Having built a reasonable NER model for recognising job titles I wanted to see if I could easily improve it with Protidy's active learning. So I ran the ner.teach recipe, annotating the label job_title excluding the examples I already annotated (in the dataset job_titles), creating a new dataset called job_titles_1 using the model ./job_titles/ on the sample texts sample.jsonl.

prodigy ner.teach \
       -l job_title \
       -e job_titles \
       job_titles_1 \
       ./job_titles/ \

It then presented many example annotations showing the model confidence and asked me to reject or accept them. This binary system was a lot quicker than manual annotation, and put me in a different mindset for evaluation. It showed a score of model confidence and seemed to focus on where the model was most confident (near 1.0), uncertain (near 0.5) and least confidence (near 0.0). Some of the least confident ones were tedious to annotate as it would highlight things that seemed rediculous like punctuation (but maybe that really helps train the model?). After I'd done around 700 annotations I tried retraining the existing annotations, with a 20% evaluation set to product a output model ./job_titles_1:

prodigy ner.batch-train \
        -l job_title \
        -es 0.2 \
        job_titles_1 \
        ./job_titles/ \
        -o ./job_titles_1/

While it gives me an apparent accuracy score of 91%, but this is based on the non-representative examples from active learning so I don't know how much to trust it. I could evaluate it on the same set I trained the original model on (by passing -e job_titles above, which gives an apparent 83%), but this isn't a fair evaluation because it contains examples it was trained on (unfortunately prodigy doesn't have an easy way to split out the same evaluation set used in training). Ideally I would create a separate gold set, but instead I used prodigy to do a quick A/B evaluation between the models on a new dataset samples2.jsonl:

prodigy ner.eval-ab \
        -l job_title \
        job_title_eval \
        ./job_titles/ \
        ./job_titles_1/ \

It was very easy for me to assess which result was closer.

Example of Prodigy A/B interface

After annoting 100 images I got a pretty clear result: I preferred the old models results 78 times out of 100.
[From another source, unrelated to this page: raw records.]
(* If $W\subseteq\ell^\infty$ is analytic with respect to the product topology on $\mathbb R^\omega$, then $\mathsf{HC}^*(W)=\bigcap_{w\in W}\mathsf{HC}(w)$ is a co-analytic subset of $\ell^2$.
   Context: $\omega=\{0,1,2,\dots\}$. $\ell^\infty$ is the set of bounded real sequences indexed by $\omega$, viewed as a subset of $\mathbb R^\omega$ with the product topology. $\ell^2$ is the Hilbert space of square-summable real sequences with its norm topology. For $w\in\ell^\infty$, $B_w:\ell^2\to\ell^2$ is $B_w(x)(i)=w(i)\,x(i+1)$. $\mathsf{HC}(w)$ is the set of $x\in\ell^2$ such that $\{B_w^k(x):k\in\omega\}$ is dense in $\ell^2$, and $\mathsf{HC}^*(W)=\bigcap_{w\in W}\mathsf{HC}(w)$. A set is analytic if it is a continuous image of a Borel subset of a Polish space, co-analytic if its complement is analytic. *)

theory Defs
  imports "HOL-Analysis.Analysis"
begin

definition Polish_space :: "'a topology \<Rightarrow> bool" where
  "Polish_space X \<longleftrightarrow> completely_metrizable_space X \<and> separable_space X"

definition borel_sets_of :: "'a topology \<Rightarrow> 'a set set" where
  "borel_sets_of X = sigma_sets (topspace X) {U. openin X U}"

text \<open>Every Polish space is homeomorphic to a (subspace) topology on a subset
  of the type nat => real (it embeds in the Hilbert cube), so quantifying over Polish
  topologies on that type covers all Polish spaces up to homeomorphism.\<close>
definition analytic_in :: "'b topology \<Rightarrow> 'b set \<Rightarrow> bool" where
  "analytic_in X A \<longleftrightarrow>
     (\<exists>(Y :: (nat \<Rightarrow> real) topology) B f.
        Polish_space Y \<and> B \<in> borel_sets_of Y \<and>
        continuous_map (subtopology Y B) X f \<and> f ` B = A)"

definition coanalytic_in :: "'b topology \<Rightarrow> 'b set \<Rightarrow> bool" where
  "coanalytic_in X A \<longleftrightarrow> A \<subseteq> topspace X \<and> analytic_in X (topspace X - A)"

definition linfty :: "(nat \<Rightarrow> real) set" where
  "linfty = {w. bounded (range w)}"

definition prod_top :: "(nat \<Rightarrow> real) topology" where
  "prod_top = product_topology (\<lambda>_. euclideanreal) UNIV"

definition l2 :: "(nat \<Rightarrow> real) set" where
  "l2 = {x. summable (\<lambda>i. (x i)\<^sup>2)}"

definition l2_norm :: "(nat \<Rightarrow> real) \<Rightarrow> real" where
  "l2_norm x = sqrt (\<Sum>i. (x i)\<^sup>2)"

definition l2_top :: "(nat \<Rightarrow> real) topology" where
  "l2_top = topology_generated_by
     {{y \<in> l2. l2_norm (y - x) < e} | x e. x \<in> l2 \<and> e > 0}"

definition B :: "(nat \<Rightarrow> real) \<Rightarrow> (nat \<Rightarrow> real) \<Rightarrow> (nat \<Rightarrow> real)" where
  "B w x = (\<lambda>i. w i * x (Suc i))"

definition HC :: "(nat \<Rightarrow> real) \<Rightarrow> (nat \<Rightarrow> real) set" where
  "HC w = {x \<in> l2. l2_top closure_of (range (\<lambda>k. (B w ^^ k) x)) = l2}"

definition HC_star :: "(nat \<Rightarrow> real) set \<Rightarrow> (nat \<Rightarrow> real) set" where
  "HC_star W = {x \<in> l2. \<forall>w \<in> W. x \<in> HC w}"

end

theory Submission
  imports Defs
begin

(* The complement of HC*(W) in l2 is the projection to l2 of
   C = {(a, x) in A x l2. x not in HC (g a)}, where g maps a Borel subset A of a Polish space Y
   continuously onto W.  With D the countable dense set of finitely supported rational
   sequences, x is not hypercyclic for w iff some c in D stays at distance more than 1/(m+1)
   from every B_w^k x, and such a distance exceeds 1/(m+1) iff one of its partial sums does.
   The orbit map (a, x) |-> B_(g a)^k x is not continuous into l2, but each partial sum
   depends only on finitely many coordinates of g a and of x, so it is continuous on A x l2.
   Hence C is Borel in the Polish space Y x l2, and its projection is analytic. *)

lemma topology_generated_by_base:
  assumes "\<And>V. V \<in> \<S> \<Longrightarrow> openin X V"
    and "\<And>U x. openin X U \<Longrightarrow> x \<in> U \<Longrightarrow> \<exists>V\<in>\<S>. x \<in> V \<and> V \<subseteq> U"
  shows "topology_generated_by \<S> = X"
  unfolding topology_eq openin_topology_generated_by_iff
proof (intro allI iffI)
  fix U assume "generate_topology_on \<S> U"
  then show "openin X U"
    by induction (use assms(1) in auto)
next
  fix U assume "openin X U"
  then have "U = \<Union>{V \<in> \<S>. V \<subseteq> U}"
    using assms(2) by blast
  moreover have "generate_topology_on \<S> (\<Union>{V \<in> \<S>. V \<subseteq> U})"
    by (auto intro: generate_topology_on.UN generate_topology_on.Basis)
  ultimately show "generate_topology_on \<S> U"
    by simp
qed

lemma (in Metric_space) closure_of_ne_topspace_iff_apart:
  assumes "S \<subseteq> M" "D \<subseteq> M" and dense: "\<And>x e. x \<in> M \<Longrightarrow> e > 0 \<Longrightarrow> \<exists>c\<in>D. d x c < e"
  shows "mtopology closure_of S \<noteq> M \<longleftrightarrow> (\<exists>c\<in>D. \<exists>m. \<forall>z\<in>S. inverse (Suc m) < d c z)"
proof
  assume "mtopology closure_of S \<noteq> M"
  then obtain y r where "y \<in> M" "r > 0" and far: "\<And>z. z \<in> S \<Longrightarrow> r \<le> d y z"
    using closure_of_subset_topspace[of mtopology S] assms(1)
    by (fastforce simp: metric_closure_of not_less)
  obtain c where "c \<in> D" "d y c < r / 2"
    using dense[OF \<open>y \<in> M\<close>, of "r / 2"] \<open>r > 0\<close> by auto
  obtain m where m: "inverse (Suc m) < r / 2"
    using reals_Archimedean[of "r / 2"] \<open>r > 0\<close> by auto
  have "inverse (Suc m) < d c z" if "z \<in> S" for z
  proof -
    have "d y z \<le> d y c + d c z"
      using triangle \<open>y \<in> M\<close> \<open>c \<in> D\<close> that assms(1,2) by blast
    then show ?thesis
      using far[OF that] \<open>d y c < r / 2\<close> m by linarith
  qed
  then show "\<exists>c\<in>D. \<exists>m. \<forall>z\<in>S. inverse (Suc m) < d c z"
    using \<open>c \<in> D\<close> by blast
next
  assume "\<exists>c\<in>D. \<exists>m. \<forall>z\<in>S. inverse (Suc m) < d c z"
  then obtain c m where "c \<in> D" "\<And>z. z \<in> S \<Longrightarrow> inverse (Suc m) < d c z"
    by blast
  then have "c \<notin> mtopology closure_of S"
    unfolding metric_closure_of by (fastforce dest: spec[of _ "inverse (Suc m)"])
  then show "mtopology closure_of S \<noteq> M"
    using \<open>c \<in> D\<close> assms(2) by blast
qed

lemma sigma_algebra_borel_sets_of: "sigma_algebra (topspace X) (borel_sets_of X)"
  unfolding borel_sets_of_def by (rule sigma_algebra_sigma_sets) (auto dest: openin_subset)

lemma borel_sets_of_openin: "openin X U \<Longrightarrow> U \<in> borel_sets_of X"
  by (simp add: borel_sets_of_def sigma_sets.Basic)

lemma borel_sets_of_subset_topspace: "A \<in> borel_sets_of X \<Longrightarrow> A \<subseteq> topspace X"
  unfolding borel_sets_of_def by (rule sigma_sets_into_sp) (auto dest: openin_subset)

lemma borel_sets_of_continuous_map_preimage:
  assumes f: "continuous_map X Y f" and A: "A \<in> borel_sets_of Y"
  shows "{x \<in> topspace X. f x \<in> A} \<in> borel_sets_of X"
proof -
  have "f \<in> topspace X \<rightarrow> topspace Y"
    using f by (simp add: continuous_map_funspace)
  then have "f -` A \<inter> topspace X \<in> sigma_sets (topspace X) {f -` U \<inter> topspace X | U. openin Y U}"
    using sigma_sets_vimage_commute[of f "topspace X" "topspace Y" "{U. openin Y U}"] A
    by (auto simp: borel_sets_of_def)
  also have "\<dots> \<subseteq> borel_sets_of X"
    unfolding borel_sets_of_def
    using openin_continuous_map_preimage[OF f]
    by (intro sigma_sets_mono') (auto simp: vimage_def Int_def conj_commute)
  finally show ?thesis
    by (simp add: vimage_def Int_def conj_commute)
qed

lemma borel_sets_of_openin_subtopology:
  assumes "openin (subtopology X S) U" "S \<in> borel_sets_of X"
  shows "U \<in> borel_sets_of X"
proof -
  interpret sigma_algebra "topspace X" "borel_sets_of X"
    by (rule sigma_algebra_borel_sets_of)
  obtain V where "openin X V" "U = S \<inter> V"
    using assms(1) by (auto simp: openin_subtopology)
  then show ?thesis
    using assms(2) borel_sets_of_openin by blast
qed

lemma separable_space_prod_topology:
  assumes "separable_space X" "separable_space Y"
  shows "separable_space (prod_topology X Y)"
proof -
  obtain C where "countable C" "C \<subseteq> topspace X" "X closure_of C = topspace X"
    using assms(1) unfolding separable_space_def by blast
  moreover obtain D where "countable D" "D \<subseteq> topspace Y" "Y closure_of D = topspace Y"
    using assms(2) unfolding separable_space_def by blast
  ultimately show ?thesis
    unfolding separable_space_def
    by (intro exI[of _ "C \<times> D"]) (auto simp: closure_of_Times)
qed

lemma Polish_space_prod_topology:
  "Polish_space X \<Longrightarrow> Polish_space Y \<Longrightarrow> Polish_space (prod_topology X Y)"
  by (simp add: Polish_space_def completely_metrizable_space_prod_topology
      separable_space_prod_topology)

definition deinterleave :: "(nat \<Rightarrow> 'a) \<Rightarrow> (nat \<Rightarrow> 'a) \<times> (nat \<Rightarrow> 'a)" where
  "deinterleave h = (\<lambda>n. h (2 * n), \<lambda>n. h (2 * n + 1))"

definition interleave :: "(nat \<Rightarrow> 'a) \<times> (nat \<Rightarrow> 'a) \<Rightarrow> nat \<Rightarrow> 'a" where
  "interleave p m = (if even m then fst p (m div 2) else snd p (m div 2))"

lemma deinterleave_interleave [simp]: "deinterleave (interleave p) = p"
  by (simp add: deinterleave_def interleave_def)

lemma interleave_deinterleave [simp]: "interleave (deinterleave h) = h"
proof
  fix m
  show "interleave (deinterleave h) m = h m"
    by (cases "even m") (simp_all add: deinterleave_def interleave_def)
qed

lemma homeomorphic_maps_deinterleave:
  "homeomorphic_maps (pullback_topology UNIV deinterleave X) X deinterleave interleave"
  unfolding homeomorphic_maps_def
proof (intro conjI ballI)
  show "continuous_map (pullback_topology UNIV deinterleave X) X deinterleave"
    using continuous_map_pullback[OF continuous_map_id, of UNIV deinterleave X] by simp
  show "continuous_map X (pullback_topology UNIV deinterleave X) interleave"
    by (rule continuous_map_pullback') (simp_all add: o_def)
qed simp_all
Of course this doesn't mean that Prodigy's active learning was bad. Maybe I retrained at too high a learning rate and lost too much of the original model weights. Or maybe my annotations drifted too much between the interfaces (or didn't fit the underlying model well), and so made the result further from what I was trying to achieve.

One bad thing about A/B tests is the cost scales at least linearly with the number of models; for hyperparameter tuning it's much better to use a gold set.